New York City subway car. Photo: JJ & Special K, Wikipedia Commons via Flickr.

When I moved to New York City in the eighties, I was taken by the staggering amount of graffiti — especially on the subways. Nearly every car on every subway line was awash with primitive marker and sprayed insignias along with elaborately illustrated typographic forms, often the names or aliases of the artists who did them. These unauthorized clandestine graphics could be interpreted as creative eruptions that emerged from inner city artists who forced their identity and talent into public space that was not available to them through legitimate means. Creating graffiti was risky: artist faced fines and incarceration, not to mention health issues from using spray paint and permanent markers in close quarters without respirators. Then there were those who were electrocuted while accidentally touching the subway’s highly charged third rail that powers the MTA system. Yet for these artists, the display of personal identity and artistic talent made the risk worthwhile.

A graffiti mural in the Bushwick section of Brooklyn, New York.
A graffiti mural on the wall of a new espresso bar in the Bushwick section of Brooklyn, New York.

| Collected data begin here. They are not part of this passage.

lemma rational_fps_fixpoint:
  assumes "rational_fps A" "rational_fps B" "B $ 0 = 0" "F = A + B * F"
  shows "rational_fps F"
proof -
  obtain p1 q1 where 1: "poly.coeff q1 0 \<noteq> 0" "fps_of_poly q1 * A = fps_of_poly p1"
    using assms(1) unfolding rational_fps_def by blast
  obtain p2 q2 where 2: "poly.coeff q2 0 \<noteq> 0" "fps_of_poly q2 * B = fps_of_poly p2"
    using assms(2) unfolding rational_fps_def by blast
  have c: "poly.coeff p2 0 = 0"
  proof -
    have "fps_of_poly p2 $ 0 = 0" using 2(2)[symmetric] assms(3) by simp
    thus ?thesis by simp
  qed
  have AF: "A = F - B * F" using assms(4) by (metis add_diff_cancel)
  have "fps_of_poly (q1 * (q2 - p2)) * F = fps_of_poly q2 * (fps_of_poly q1 * (F - B * F))"
    unfolding fps_of_poly_mult fps_of_poly_diff 2(2)[symmetric]
    by (simp only: right_diff_distrib left_diff_distrib mult_ac)
  also have "\<dots> = fps_of_poly (q2 * p1)" unfolding AF[symmetric] 1 fps_of_poly_mult ..
  finally have "fps_of_poly (q1 * (q2 - p2)) * F = fps_of_poly (q2 * p1)" .
  moreover have "poly.coeff (q1 * (q2 - p2)) 0 \<noteq> 0" using 1 2 c by (simp add: coeff_mult_0)
  ultimately show ?thesis unfolding rational_fps_def by blast
qed
lemma rational_fps_inverse_one_minus:
  assumes "rational_fps B" "B $ 0 = 0"
  shows "rational_fps (inverse (1 - B))"
proof (rule rational_fps_fixpoint[OF rational_fps_1 assms])
  have "inverse (1 - B) * (1 - B) = 1" using assms(2) by (intro inverse_mult_eq_1) simp
  then show "inverse (1 - B) = 1 + B * inverse (1 - B)" by (simp add: algebra_simps)
qed

lemma sum_insert_eliminate:
  fixes F :: "'a \<Rightarrow> 'b::comm_ring"
  assumes "finite S" "x \<notin> S" "F x = a + (\<Sum>t\<in>S. b t * F t)"
  shows "A + (\<Sum>t\<in>insert x S. B t * F t) = (A + B x * a) + (\<Sum>t\<in>S. (B t + B x * b t) * F t)"
  using assms by (simp add: algebra_simps sum.distrib sum_distrib_left)

text \<open>Gaussian elimination: the first unknown is solved for, using that 1 - B x x is invertible,
  and substituted into the remaining equations.\<close>

lemma rational_fps_linear_system:
  assumes "finite S"
    and "\<forall>s\<in>S. rational_fps (A s)" "\<forall>s\<in>S. \<forall>t\<in>S. rational_fps (B s t) \<and> B s t $ 0 = 0"
    and "\<forall>s\<in>S. F s = A s + (\<Sum>t\<in>S. B s t * F t)"
  shows "\<forall>s\<in>S. rational_fps (F s)"
  using assms
proof (induction S arbitrary: A B rule: finite_induct)
  case empty
  then show ?case by simp
next
  case (insert x S)
  define D where "D = inverse (1 - B x x)"
  have Bxx: "rational_fps (B x x)" "B x x $ 0 = 0" using insert.prems(2) by auto
  have D_inverse: "D * (1 - B x x) = 1" unfolding D_def using Bxx by (intro inverse_mult_eq_1) simp
  have "rational_fps D" unfolding D_def using Bxx by (rule rational_fps_inverse_one_minus)
  have "F x = A x + (\<Sum>t\<in>insert x S. B x t * F t)" using insert.prems(3) by blast
  then have "F x = A x + B x x * F x + (\<Sum>t\<in>S. B x t * F t)" using insert.hyps by (simp add: add.assoc)
  then have "(1 - B x x) * F x = A x + (\<Sum>t\<in>S. B x t * F t)" by (simp add: algebra_simps)
  then have "F x = D * (A x + (\<Sum>t\<in>S. B x t * F t))"
    using D_inverse by (metis mult.assoc mult_1)
  then have Fx: "F x = D * A x + (\<Sum>t\<in>S. (D * B x t) * F t)"
    by (simp add: distrib_left sum_distrib_left mult.assoc)
  have "\<forall>s\<in>S. rational_fps (F s)"
  proof (rule insert.IH)
    show "\<forall>s\<in>S. rational_fps (A s + B s x * (D * A x))"
      using insert.prems(1,2) \<open>rational_fps D\<close> by (auto intro!: rational_fps_add rational_fps_mult)
    show "\<forall>s\<in>S. \<forall>t\<in>S. rational_fps (B s t + B s x * (D * B x t)) \<and> (B s t + B s x * (D * B x t)) $ 0 = 0"
      using insert.prems(2) \<open>rational_fps D\<close> by (auto intro!: rational_fps_add rational_fps_mult)
    show "\<forall>s\<in>S. F s = A s + B s x * (D * A x) + (\<Sum>t\<in>S. (B s t + B s x * (D * B x t)) * F t)"
    proof
      fix s assume "s \<in> S"
      then have "F s = A s + (\<Sum>t\<in>insert x S. B s t * F t)" using insert.prems(3) by blast
      then show "F s = A s + B s x * (D * A x) + (\<Sum>t\<in>S. (B s t + B s x * (D * B x t)) * F t)"
        unfolding sum_insert_eliminate[OF insert.hyps Fx] .
    qed
  qed
  moreover have "rational_fps (F x)" unfolding Fx using calculation insert.prems(1,2) \<open>rational_fps D\<close> insert.hyps
    by (auto intro!: rational_fps_add rational_fps_mult rational_fps_sum)
  ultimately show ?case by simp
qed

text \<open>Walks with c letters w 0, ..., w (c - 1) in the graph (L, R) that end in a letter
  satisfying P; the padding by d beyond c makes the set of walks of each length finite.\<close>

definition walks :: "'a set \<Rightarrow> ('a \<Rightarrow> 'a \<Rightarrow> bool) \<Rightarrow> ('a \<Rightarrow> bool) \<Rightarrow> 'a \<Rightarrow> nat \<Rightarrow> (nat \<Rightarrow> 'a) set" where
  "walks L R P d c = {w. (\<forall>j<c. w j \<in> L) \<and> (\<forall>j\<ge>c. w j = d) \<and>
      (\<forall>j. Suc j < c \<longrightarrow> R (w j) (w (Suc j))) \<and> (\<forall>m. c = Suc m \<longrightarrow> P (w m))}"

Fast forward to 2016 where graffiti has transformed into public art, and the identity of graffiti artist, holds higher creative status than that of the muralist or the environmental graphic artist. Building owners, developers, corporate institutions, and government leaders endorse and subsidize highly opulent graffiti art from a growing community of talented competing artists. Now a publicly recognized art form with extraordinary editorial and social media coverage, including monographs, documentaries, and awards plus an industry-specific selection of art materials manufactured for graffiti, artists clamor for the privilege to create graffiti and gain public exhibition and the identity gratification that results from it.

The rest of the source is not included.